Affirmative action is a set of laws, policies, guidelines, and administrative practices "intended to end and correct the effects of a specific form of discrimination". In November 1996, Affirmative Action was abolished through Proposition 209 by California lawmakers.

21st-century 

In the 2010s, California was a net loser of black migration for the first time in three decades. Most exiting California blacks are returning to Texas and the Atlanta metropolitan area. In 2018, there are Black neighborhoods and cities with Black populations surpassing 15% in Southern California like in Compton, South Los Angeles and Inglewood, and in Northern California like Stockton, Oakland, and Vallejo. Oakland has been noted for being a center of Northern California's black population, with it being at least 25% black as of 2020. Many African Americans who settled in California, likewise in Oakland, worked on the railroad in Oakland and East Bay areas in the early-to-mid 1900s.

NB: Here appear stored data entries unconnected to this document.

(* There exist an environment $E$ and a total preorder $\succeq$ on $\Pi^E$ such that $\succeq\in\mathrm{Ord}_{\mathrm{RM}}(E)\cap\mathrm{Ord}_{\mathrm{ONMR}}(E)\cap\mathrm{Ord}_{\mathrm{LTL}}(E)$ but $\succeq\notin\mathrm{Ord}_{\mathrm{MR}}(E)\cup\mathrm{Ord}_{\mathrm{RRL}}(E)$.
   Context: An environment is a tuple $E=(\mathcal S,\mathcal A,\mathcal T,\mathcal I)$ where $\mathcal S,\mathcal A$ are finite nonempty sets, $\mathcal T:\mathcal S\times\mathcal A\to\Delta(\mathcal S)$ and $\mathcal I\in\Delta(\mathcal S)$. A policy is a map $\pi:\mathcal S\to\Delta(\mathcal A)$ (stationary, possibly stochastic); $\Pi^E$ denotes the set of all policies. A trajectory $\xi=(s_0,a_0,s_1,a_1,\dots)\in\Xi:=\mathcal S\times(\mathcal A\times\mathcal S)^\omega$ is generated under $\pi$ by $s_0\sim\mathcal I$, $a_t\sim\pi(s_t)$, $s_{t+1}\sim\mathcal T(s_t,a_t)$; $\mathbb E^\pi_\xi$ denotes expectation under this distribution. An objective-specification formalism $X$ assigns to each environment $E$ a set of objective specifications, each inducing a total preorder $\succeq$ on $\Pi^E$; $\mathrm{Ord}_X(E)$ is the set of total preorders so induced. A specification defining a scalar $J:\Pi^E\to\mathbb R$ induces $\pi_1\succeq\pi_2\iff J(\pi_1)\ge J(\pi_2)$. MR: specification $(\mathcal R,\gamma)$, $\mathcal R:\mathcal S\times\mathcal A\times\mathcal S\to\mathbb R$, $\gamma\in[0,1)$, $J(\pi)=\mathbb E^\pi_\xi[\sum_{t=0}^\infty\gamma^t\mathcal R(s_t,a_t,s_{t+1})]$. RRL: specification $(\mathcal R,\alpha,F,\gamma)$ with $\mathcal R:\mathcal S\times\mathcal A\times\mathcal S\to\mathbb R$, $\alpha\in\mathbb R$, $F:\Delta(\mathcal A)\to\mathbb R$, $\gamma\in[0,1)$; $J(\pi)=\mathbb E^\pi_\xi[\sum_{t=0}^\infty\gamma^t(\mathcal R(s_t,a_t,s_{t+1})-\alpha F(\pi(s_t)))]$. ONMR: specification $(\mathcal R,f,\gamma)$ with $\mathcal R:\mathcal S\times\mathcal A\times\mathcal S\to\mathbb R$, $f:\mathbb R\to\mathbb R$, $\gamma\in[0,1)$; $J(\pi)=f\big(\mathbb E^\pi_\xi[\sum_{t=0}^\infty\gamma^t\mathcal R(s_t,a_t,s_{t+1})]\big)$. RM (reward machines): specification $(U,u_0,\delta_U,\delta_{\mathcal R},\gamma)$ with $U$ a finite set, $u_0\in U$, $\delta_U:U\times\mathcal S\times\mathcal A\times\mathcal S\to U$, $\delta_{\mathcal R}:U\times U\to(\mathcal S\times\mathcal A\times\mathcal S\to\mathbb R)$, $\gamma\in[0,1)$; along a trajectory $u_{t+1}=\delta_U(u_t,s_t,a_t,s_{t+1})$ and $J(\pi)=\mathbb E^\pi_\xi[\sum_{t=0}^\infty\gamma^t\,\delta_{\mathcal R}(u_t,u_{t+1})(s_t,a_t,s_{t+1})]$. LTL: specification $(\varphi)$ with $\varphi$ a linear temporal logic formula whose atomic propositions are the transitions $(s,a,s')\in\mathcal S\times\mathcal A\times\mathcal S$, built with $\neg,\lor,\land,\to$ and the temporal operators $\bigcirc$ (next), $\square$ (always), $\lozenge$ (eventually), $\mathcal U$ (until). Semantics on a trajectory $\xi$ at time $t$: an atomic proposition $(s,a,s')$ holds iff $(s_t,a_t,s_{t+1})=(s,a,s')$; $\bigcirc\psi$ holds iff $\psi$ holds at $t+1$; $\square\psi$ iff $\psi$ holds at every $t'\ge t$; $\lozenge\psi$ iff $\psi$ holds at some $t'\ge t$; $\psi\,\mathcal U\,\chi$ iff there is $t'\ge t$ with $\chi$ holding at $t'$ and $\psi$ holding at every $t''$ with $t\le t''<t'$; Boolean connectives as usual. $\varphi(\xi)=1$ if $\varphi$ holds at time $0$ and $0$ otherwise; $J(\pi)=\mathbb E^\pi_\xi[\varphi(\xi)]$. *)

theory Defs
  imports "HOL-Probability.Probability"
begin

section \<open>Environments (finite carriers encoded inside nat)\<close>

record env =
  St :: "nat set"
  Ac :: "nat set"
  Tr :: "nat \<Rightarrow> nat \<Rightarrow> nat pmf"
  In :: "nat pmf"

definition valid_env :: "env \<Rightarrow> bool" where
  "valid_env E \<longleftrightarrow> finite (St E) \<and> St E \<noteq> {} \<and> finite (Ac E) \<and> Ac E \<noteq> {}
     \<and> (\<forall>s\<in>St E. \<forall>a\<in>Ac E. set_pmf (Tr E s a) \<subseteq> St E)
     \<and> set_pmf (In E) \<subseteq> St E"

type_synonym policy = "nat \<Rightarrow> nat pmf"

definition Pol :: "env \<Rightarrow> policy set" where
  "Pol E = {\<pi>. \<forall>s\<in>St E. set_pmf (\<pi> s) \<subseteq> Ac E}"

text \<open>A trajectory (s0,a0,s1,a1,...) is encoded as the stream of pairs (s_t,a_t).\<close>
type_synonym traj = "(nat \<times> nat) stream"

definition st :: "traj \<Rightarrow> nat \<Rightarrow> nat" where "st \<omega> t = fst (\<omega> !! t)"
definition ac :: "traj \<Rightarrow> nat \<Rightarrow> nat" where "ac \<omega> t = snd (\<omega> !! t)"

text \<open>Probability of a finite prefix [(s0,a0),...,(s_{n-1},a_{n-1})], with d the
  distribution of the first state of the prefix.\<close>
fun pref_prob :: "policy \<Rightarrow> (nat \<Rightarrow> nat \<Rightarrow> nat pmf) \<Rightarrow> nat pmf \<Rightarrow> (nat \<times> nat) list \<Rightarrow> real" where
  "pref_prob \<pi> T d [] = 1"
| "pref_prob \<pi> T d ((s, a) # xs) = pmf d s * pmf (\<pi> s) a * pref_prob \<pi> T (T s a) xs"

text \<open>The trajectory distribution under policy pi: the (unique, by Ionescu-Tulcea / pi-lambda)
  probability measure on trajectory space whose finite-dimensional marginals are given by
  s0 ~ I, a_t ~ pi(s_t), s_{t+1} ~ T(s_t,a_t).\<close>
definition traj_meas :: "env \<Rightarrow> policy \<Rightarrow> traj measure" where
  "traj_meas E \<pi> = (SOME M. prob_space M
      \<and> sets M = sets (stream_space (count_space UNIV))
      \<and> (\<forall>xs. emeasure M {\<omega> \<in> space M. stake (length xs) \<omega> = xs}
               = ennreal (pref_prob \<pi> (Tr E) (In E) xs)))"

definition rew_in :: "env \<Rightarrow> (nat \<Rightarrow> nat \<Rightarrow> nat \<Rightarrow> real) \<Rightarrow> nat \<Rightarrow> nat \<Rightarrow> nat \<Rightarrow> real" where
  "rew_in E R s a s' = (if s \<in> St E \<and> a \<in> Ac E \<and> s' \<in> St E then R s a s' else 0)"

definition J_MR :: "env \<Rightarrow> (nat \<Rightarrow> nat \<Rightarrow> nat \<Rightarrow> real) \<Rightarrow> real \<Rightarrow> policy \<Rightarrow> real" where
  "J_MR E R \<gamma> \<pi> = (\<integral>\<omega>. (\<Sum>t. \<gamma> ^ t * rew_in E R (st \<omega> t) (ac \<omega> t) (st \<omega> (Suc t))) \<partial>traj_meas E \<pi>)"

definition J_RRL :: "env \<Rightarrow> (nat \<Rightarrow> nat \<Rightarrow> nat \<Rightarrow> real) \<Rightarrow> real \<Rightarrow> (nat pmf \<Rightarrow> real) \<Rightarrow> real
                     \<Rightarrow> policy \<Rightarrow> real" where
  "J_RRL E R \<alpha> F \<gamma> \<pi> = (\<integral>\<omega>. (\<Sum>t. \<gamma> ^ t * (rew_in E R (st \<omega> t) (ac \<omega> t) (st \<omega> (Suc t))
        - \<alpha> * (if st \<omega> t \<in> St E then F (\<pi> (st \<omega> t)) else 0))) \<partial>traj_meas E \<pi>)"

definition J_ONMR :: "env \<Rightarrow> (nat \<Rightarrow> nat \<Rightarrow> nat \<Rightarrow> real) \<Rightarrow> (real \<Rightarrow> real) \<Rightarrow> real \<Rightarrow> policy \<Rightarrow> real" where
  "J_ONMR E R f \<gamma> \<pi> = f (J_MR E R \<gamma> \<pi>)"

fun rm_state :: "nat \<Rightarrow> (nat \<Rightarrow> nat \<Rightarrow> nat \<Rightarrow> nat \<Rightarrow> nat) \<Rightarrow> traj \<Rightarrow> nat \<Rightarrow> nat" where
  "rm_state u0 dU \<omega> 0 = u0"
| "rm_state u0 dU \<omega> (Suc t) = dU (rm_state u0 dU \<omega> t) (st \<omega> t) (ac \<omega> t) (st \<omega> (Suc t))"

In 2020, anti-black hate crimes in California has increased. In 2020–2022, the COVID-19 deaths rose for African Americans in California, which had the lowest vaccination rates in the state.

Media 

The first African American newspaper in California is thought to be the Mirror of the Times, published in the mid-1850s.

African American residents of California were first mentioned in 1919 by Black Californian historian Delilah Beasley, and later on Rudolph Lapp, others. More information appeared in journals such as The Journal of Negro history and The Journal of African American History. (3) Other Californian publications about African Americans include the California Eagle, California Voice, and Los Angeles Sentinel.

The largest film festival focused on black filmmaking is the Pan African Film Festival, founded in 1992. Other notable film festivals dedicated to enhancing the careers of Black filmmaking professionals include The San Diego Black Film Festival and the Hollywood Black Film Festival.

Education 

Elizabeth Thorn Scott Flood was an early African American educator in Sacramento starting in 1854, and she later taught in Oakland.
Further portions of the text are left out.